* **SOURCE INFORMATION**:
-- Opening Marker --
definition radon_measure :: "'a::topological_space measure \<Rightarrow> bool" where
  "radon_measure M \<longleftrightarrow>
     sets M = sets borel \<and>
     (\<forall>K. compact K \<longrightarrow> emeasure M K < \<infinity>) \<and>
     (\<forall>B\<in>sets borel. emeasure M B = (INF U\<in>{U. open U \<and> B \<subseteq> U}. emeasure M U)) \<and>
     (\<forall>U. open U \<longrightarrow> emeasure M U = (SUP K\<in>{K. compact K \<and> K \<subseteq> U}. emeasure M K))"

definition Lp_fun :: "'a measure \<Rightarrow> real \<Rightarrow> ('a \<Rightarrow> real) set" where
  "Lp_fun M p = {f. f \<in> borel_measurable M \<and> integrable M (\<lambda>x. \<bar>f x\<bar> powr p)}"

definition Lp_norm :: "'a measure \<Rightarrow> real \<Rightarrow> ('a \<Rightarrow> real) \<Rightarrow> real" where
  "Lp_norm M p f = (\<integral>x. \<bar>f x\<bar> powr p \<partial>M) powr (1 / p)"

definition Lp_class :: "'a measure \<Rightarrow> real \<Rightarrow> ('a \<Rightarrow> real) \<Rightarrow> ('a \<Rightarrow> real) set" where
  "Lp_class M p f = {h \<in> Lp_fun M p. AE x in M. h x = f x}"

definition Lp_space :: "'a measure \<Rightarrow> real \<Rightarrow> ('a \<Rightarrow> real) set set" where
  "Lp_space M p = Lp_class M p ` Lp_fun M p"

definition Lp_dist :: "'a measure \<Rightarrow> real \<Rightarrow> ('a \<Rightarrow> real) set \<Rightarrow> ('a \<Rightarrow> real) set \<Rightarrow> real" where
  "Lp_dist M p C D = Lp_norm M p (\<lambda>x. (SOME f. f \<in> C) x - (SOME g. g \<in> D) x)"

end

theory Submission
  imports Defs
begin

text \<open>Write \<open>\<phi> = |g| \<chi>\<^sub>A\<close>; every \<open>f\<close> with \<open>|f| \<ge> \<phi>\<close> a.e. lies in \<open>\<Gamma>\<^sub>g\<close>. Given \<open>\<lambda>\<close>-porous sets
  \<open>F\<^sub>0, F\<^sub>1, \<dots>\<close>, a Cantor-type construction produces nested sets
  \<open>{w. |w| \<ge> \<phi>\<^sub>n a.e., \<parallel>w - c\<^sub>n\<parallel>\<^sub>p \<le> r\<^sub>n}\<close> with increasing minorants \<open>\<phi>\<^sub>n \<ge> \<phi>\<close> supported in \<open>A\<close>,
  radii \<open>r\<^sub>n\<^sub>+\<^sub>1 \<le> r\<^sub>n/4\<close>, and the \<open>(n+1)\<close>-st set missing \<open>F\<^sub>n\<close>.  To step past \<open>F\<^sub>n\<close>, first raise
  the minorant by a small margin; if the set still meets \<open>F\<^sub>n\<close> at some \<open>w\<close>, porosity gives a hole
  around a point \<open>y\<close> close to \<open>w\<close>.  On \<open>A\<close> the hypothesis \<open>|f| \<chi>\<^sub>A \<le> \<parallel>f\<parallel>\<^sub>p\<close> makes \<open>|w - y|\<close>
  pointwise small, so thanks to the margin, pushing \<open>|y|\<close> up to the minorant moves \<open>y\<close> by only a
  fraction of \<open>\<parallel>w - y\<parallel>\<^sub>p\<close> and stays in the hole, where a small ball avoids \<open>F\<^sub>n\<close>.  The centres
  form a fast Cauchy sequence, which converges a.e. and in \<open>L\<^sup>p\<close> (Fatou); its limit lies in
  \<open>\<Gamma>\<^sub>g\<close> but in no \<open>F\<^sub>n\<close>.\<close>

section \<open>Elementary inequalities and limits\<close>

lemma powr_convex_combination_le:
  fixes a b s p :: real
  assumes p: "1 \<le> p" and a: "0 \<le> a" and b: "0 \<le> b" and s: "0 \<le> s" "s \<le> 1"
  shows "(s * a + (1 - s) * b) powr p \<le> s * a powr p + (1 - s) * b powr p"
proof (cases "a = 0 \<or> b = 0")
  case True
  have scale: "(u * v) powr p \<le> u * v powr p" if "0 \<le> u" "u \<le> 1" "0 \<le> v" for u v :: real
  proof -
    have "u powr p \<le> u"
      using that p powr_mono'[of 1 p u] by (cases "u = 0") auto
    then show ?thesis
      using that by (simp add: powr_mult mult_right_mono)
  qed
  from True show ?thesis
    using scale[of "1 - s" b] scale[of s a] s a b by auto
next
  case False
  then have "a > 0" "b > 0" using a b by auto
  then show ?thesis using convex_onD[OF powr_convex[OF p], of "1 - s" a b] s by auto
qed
-- Closing Marker --
-- Opening Marker --
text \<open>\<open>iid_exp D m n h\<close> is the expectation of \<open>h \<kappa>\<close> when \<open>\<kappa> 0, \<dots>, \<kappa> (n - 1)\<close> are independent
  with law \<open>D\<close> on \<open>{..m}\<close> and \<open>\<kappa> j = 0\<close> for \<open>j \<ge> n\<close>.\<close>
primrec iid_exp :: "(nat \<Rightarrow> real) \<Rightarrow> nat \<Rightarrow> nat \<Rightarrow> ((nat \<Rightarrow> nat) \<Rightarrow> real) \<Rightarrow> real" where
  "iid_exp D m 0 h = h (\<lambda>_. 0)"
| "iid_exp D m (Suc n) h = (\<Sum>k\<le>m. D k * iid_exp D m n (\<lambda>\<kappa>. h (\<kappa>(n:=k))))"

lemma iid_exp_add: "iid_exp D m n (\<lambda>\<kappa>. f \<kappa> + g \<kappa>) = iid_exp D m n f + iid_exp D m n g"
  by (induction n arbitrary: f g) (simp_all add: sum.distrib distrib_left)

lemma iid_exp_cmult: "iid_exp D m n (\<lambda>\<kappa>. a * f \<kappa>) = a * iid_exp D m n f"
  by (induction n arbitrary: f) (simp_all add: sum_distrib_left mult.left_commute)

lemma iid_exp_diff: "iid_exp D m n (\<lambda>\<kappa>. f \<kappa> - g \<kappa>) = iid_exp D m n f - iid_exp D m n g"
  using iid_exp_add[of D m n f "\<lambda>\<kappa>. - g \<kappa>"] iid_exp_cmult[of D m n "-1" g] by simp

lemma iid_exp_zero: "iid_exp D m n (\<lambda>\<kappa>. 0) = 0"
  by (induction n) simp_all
-- Closing Marker --
Would you quote everything above from the line containing "by (induction n arbitrary: f g)" down to the line containing "by (induction n) simp_all"? Include both of those lines and nothing else.

* **YOUR RESPONSE**:
  by (induction n arbitrary: f g) (simp_all add: sum.distrib distrib_left)

lemma iid_exp_cmult: "iid_exp D m n (\<lambda>\<kappa>. a * f \<kappa>) = a * iid_exp D m n f"
  by (induction n arbitrary: f) (simp_all add: sum_distrib_left mult.left_commute)

lemma iid_exp_diff: "iid_exp D m n (\<lambda>\<kappa>. f \<kappa> - g \<kappa>) = iid_exp D m n f - iid_exp D m n g"
  using iid_exp_add[of D m n f "\<lambda>\<kappa>. - g \<kappa>"] iid_exp_cmult[of D m n "-1" g] by simp

lemma iid_exp_zero: "iid_exp D m n (\<lambda>\<kappa>. 0) = 0"
  by (induction n) simp_all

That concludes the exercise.